WORK ITEM:
Each record should appear again in the response exactly as it does in the original.

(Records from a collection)
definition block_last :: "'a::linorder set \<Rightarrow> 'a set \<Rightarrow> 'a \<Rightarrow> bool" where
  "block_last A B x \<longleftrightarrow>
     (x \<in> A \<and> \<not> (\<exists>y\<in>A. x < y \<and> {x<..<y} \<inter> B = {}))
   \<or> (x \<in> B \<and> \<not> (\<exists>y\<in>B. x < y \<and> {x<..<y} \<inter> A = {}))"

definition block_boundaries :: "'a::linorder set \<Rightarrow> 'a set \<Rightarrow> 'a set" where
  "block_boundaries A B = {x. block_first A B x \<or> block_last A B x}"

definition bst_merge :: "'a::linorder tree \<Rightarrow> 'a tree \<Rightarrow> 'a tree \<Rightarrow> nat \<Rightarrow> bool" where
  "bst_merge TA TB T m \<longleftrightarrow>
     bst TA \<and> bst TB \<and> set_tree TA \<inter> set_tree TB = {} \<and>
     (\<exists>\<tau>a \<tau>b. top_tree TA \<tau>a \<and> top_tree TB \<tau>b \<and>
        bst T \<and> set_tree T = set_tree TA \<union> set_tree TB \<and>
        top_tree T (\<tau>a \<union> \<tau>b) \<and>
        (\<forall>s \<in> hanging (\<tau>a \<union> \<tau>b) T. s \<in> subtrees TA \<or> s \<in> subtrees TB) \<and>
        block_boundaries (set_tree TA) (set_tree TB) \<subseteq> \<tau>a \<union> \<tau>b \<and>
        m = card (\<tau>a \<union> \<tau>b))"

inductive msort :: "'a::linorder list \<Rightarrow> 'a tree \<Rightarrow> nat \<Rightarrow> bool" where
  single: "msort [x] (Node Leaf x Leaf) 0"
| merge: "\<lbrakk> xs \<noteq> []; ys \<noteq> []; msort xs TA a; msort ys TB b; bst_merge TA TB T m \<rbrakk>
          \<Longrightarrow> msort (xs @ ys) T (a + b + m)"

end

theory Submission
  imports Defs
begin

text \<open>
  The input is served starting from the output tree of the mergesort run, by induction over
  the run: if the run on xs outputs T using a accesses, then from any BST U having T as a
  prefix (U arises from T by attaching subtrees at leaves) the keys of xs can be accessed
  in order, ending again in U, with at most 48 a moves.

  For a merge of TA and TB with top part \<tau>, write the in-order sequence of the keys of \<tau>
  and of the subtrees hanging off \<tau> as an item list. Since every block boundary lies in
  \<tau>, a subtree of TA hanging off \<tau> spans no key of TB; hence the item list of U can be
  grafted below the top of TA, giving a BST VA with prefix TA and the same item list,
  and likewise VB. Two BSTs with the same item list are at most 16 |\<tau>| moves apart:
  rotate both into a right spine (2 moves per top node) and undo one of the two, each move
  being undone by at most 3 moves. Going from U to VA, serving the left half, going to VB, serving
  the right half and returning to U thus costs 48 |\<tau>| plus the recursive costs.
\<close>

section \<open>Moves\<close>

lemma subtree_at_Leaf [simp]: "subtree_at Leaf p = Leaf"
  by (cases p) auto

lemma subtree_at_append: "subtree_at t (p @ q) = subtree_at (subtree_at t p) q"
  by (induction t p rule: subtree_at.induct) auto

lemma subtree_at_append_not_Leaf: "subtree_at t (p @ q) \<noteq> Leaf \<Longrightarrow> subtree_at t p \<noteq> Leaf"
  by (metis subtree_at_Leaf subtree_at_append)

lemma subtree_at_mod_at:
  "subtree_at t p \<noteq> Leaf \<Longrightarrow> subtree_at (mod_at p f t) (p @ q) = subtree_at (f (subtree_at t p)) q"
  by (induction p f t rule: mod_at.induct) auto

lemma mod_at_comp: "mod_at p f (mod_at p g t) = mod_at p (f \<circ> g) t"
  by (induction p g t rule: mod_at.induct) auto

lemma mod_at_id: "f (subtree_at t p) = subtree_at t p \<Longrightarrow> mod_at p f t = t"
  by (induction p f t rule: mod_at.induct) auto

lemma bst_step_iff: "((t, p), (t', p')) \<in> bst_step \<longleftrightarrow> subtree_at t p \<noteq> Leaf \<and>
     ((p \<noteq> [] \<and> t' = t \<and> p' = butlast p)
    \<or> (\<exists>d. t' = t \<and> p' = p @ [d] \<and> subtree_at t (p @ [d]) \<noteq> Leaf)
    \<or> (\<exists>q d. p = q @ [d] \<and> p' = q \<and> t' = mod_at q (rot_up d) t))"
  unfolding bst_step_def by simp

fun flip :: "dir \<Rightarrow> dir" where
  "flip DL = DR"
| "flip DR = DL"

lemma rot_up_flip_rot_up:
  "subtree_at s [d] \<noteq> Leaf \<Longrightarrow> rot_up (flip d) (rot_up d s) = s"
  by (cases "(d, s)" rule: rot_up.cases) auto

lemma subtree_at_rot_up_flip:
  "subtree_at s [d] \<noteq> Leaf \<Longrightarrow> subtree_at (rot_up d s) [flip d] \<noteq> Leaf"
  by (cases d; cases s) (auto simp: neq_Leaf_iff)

TASK SOLUTION:
definition block_last :: "'a::linorder set \<Rightarrow> 'a set \<Rightarrow> 'a \<Rightarrow> bool" where
  "block_last A B x \<longleftrightarrow>
     (x \<in> A \<and> \<not> (\<exists>y\<in>A. x < y \<and> {x<..<y} \<inter> B = {}))
   \<or> (x \<in> B \<and> \<not> (\<exists>y\<in>B. x < y \<and> {x<..<y} \<inter> A = {}))"

definition block_boundaries :: "'a::linorder set \<Rightarrow> 'a set \<Rightarrow> 'a set" where
  "block_boundaries A B = {x. block_first A B x \<or> block_last A B x}"

definition bst_merge :: "'a::linorder tree \<Rightarrow> 'a tree \<Rightarrow> 'a tree \<Rightarrow> nat \<Rightarrow> bool" where
  "bst_merge TA TB T m \<longleftrightarrow>
     bst TA \<and> bst TB \<and> set_tree TA \<inter> set_tree TB = {} \<and>
     (\<exists>\<tau>a \<tau>b. top_tree TA \<tau>a \<and> top_tree TB \<tau>b \<and>
        bst T \<and> set_tree T = set_tree TA \<union> set_tree TB \<and>
        top_tree T (\<tau>a \<union> \<tau>b) \<and>
        (\<forall>s \<in> hanging (\<tau>a \<union> \<tau>b) T. s \<in> subtrees TA \<or> s \<in> subtrees TB) \<and>
        block_boundaries (set_tree TA) (set_tree TB) \<subseteq> \<tau>a \<union> \<tau>b \<and>
        m = card (\<tau>a \<union> \<tau>b))"

inductive msort :: "'a::linorder list \<Rightarrow> 'a tree \<Rightarrow> nat \<Rightarrow> bool" where
  single: "msort [x] (Node Leaf x Leaf) 0"
| merge: "\<lbrakk> xs \<noteq> []; ys \<noteq> []; msort xs TA a; msort ys TB b; bst_merge TA TB T m \<rbrakk>
          \<Longrightarrow> msort (xs @ ys) T (a + b + m)"

end

theory Submission
  imports Defs
begin

text \<open>
  The input is served starting from the output tree of the mergesort run, by induction over
  the run: if the run on xs outputs T using a accesses, then from any BST U having T as a
  prefix (U arises from T by attaching subtrees at leaves) the keys of xs can be accessed
  in order, ending again in U, with at most 48 a moves.

  For a merge of TA and TB with top part \<tau>, write the in-order sequence of the keys of \<tau>
  and of the subtrees hanging off \<tau> as an item list. Since every block boundary lies in
  \<tau>, a subtree of TA hanging off \<tau> spans no key of TB; hence the item list of U can be
  grafted below the top of TA, giving a BST VA with prefix TA and the same item list,
  and likewise VB. Two BSTs with the same item list are at most 16 |\<tau>| moves apart:
  rotate both into a right spine (2 moves per top node) and undo one of the two, each move
  being undone by at most 3 moves. Going from U to VA, serving the left half, going to VB, serving
  the right half and returning to U thus costs 48 |\<tau>| plus the recursive costs.
\<close>

section \<open>Moves\<close>

lemma subtree_at_Leaf [simp]: "subtree_at Leaf p = Leaf"
  by (cases p) auto

lemma subtree_at_append: "subtree_at t (p @ q) = subtree_at (subtree_at t p) q"
  by (induction t p rule: subtree_at.induct) auto

lemma subtree_at_append_not_Leaf: "subtree_at t (p @ q) \<noteq> Leaf \<Longrightarrow> subtree_at t p \<noteq> Leaf"
  by (metis subtree_at_Leaf subtree_at_append)

lemma subtree_at_mod_at:
  "subtree_at t p \<noteq> Leaf \<Longrightarrow> subtree_at (mod_at p f t) (p @ q) = subtree_at (f (subtree_at t p)) q"
  by (induction p f t rule: mod_at.induct) auto

lemma mod_at_comp: "mod_at p f (mod_at p g t) = mod_at p (f \<circ> g) t"
  by (induction p g t rule: mod_at.induct) auto

lemma mod_at_id: "f (subtree_at t p) = subtree_at t p \<Longrightarrow> mod_at p f t = t"
  by (induction p f t rule: mod_at.induct) auto

lemma bst_step_iff: "((t, p), (t', p')) \<in> bst_step \<longleftrightarrow> subtree_at t p \<noteq> Leaf \<and>
     ((p \<noteq> [] \<and> t' = t \<and> p' = butlast p)
    \<or> (\<exists>d. t' = t \<and> p' = p @ [d] \<and> subtree_at t (p @ [d]) \<noteq> Leaf)
    \<or> (\<exists>q d. p = q @ [d] \<and> p' = q \<and> t' = mod_at q (rot_up d) t))"
  unfolding bst_step_def by simp

fun flip :: "dir \<Rightarrow> dir" where
  "flip DL = DR"
| "flip DR = DL"

lemma rot_up_flip_rot_up:
  "subtree_at s [d] \<noteq> Leaf \<Longrightarrow> rot_up (flip d) (rot_up d s) = s"
  by (cases "(d, s)" rule: rot_up.cases) auto

lemma subtree_at_rot_up_flip:
  "subtree_at s [d] \<noteq> Leaf \<Longrightarrow> subtree_at (rot_up d s) [flip d] \<noteq> Leaf"
  by (cases d; cases s) (auto simp: neq_Leaf_iff)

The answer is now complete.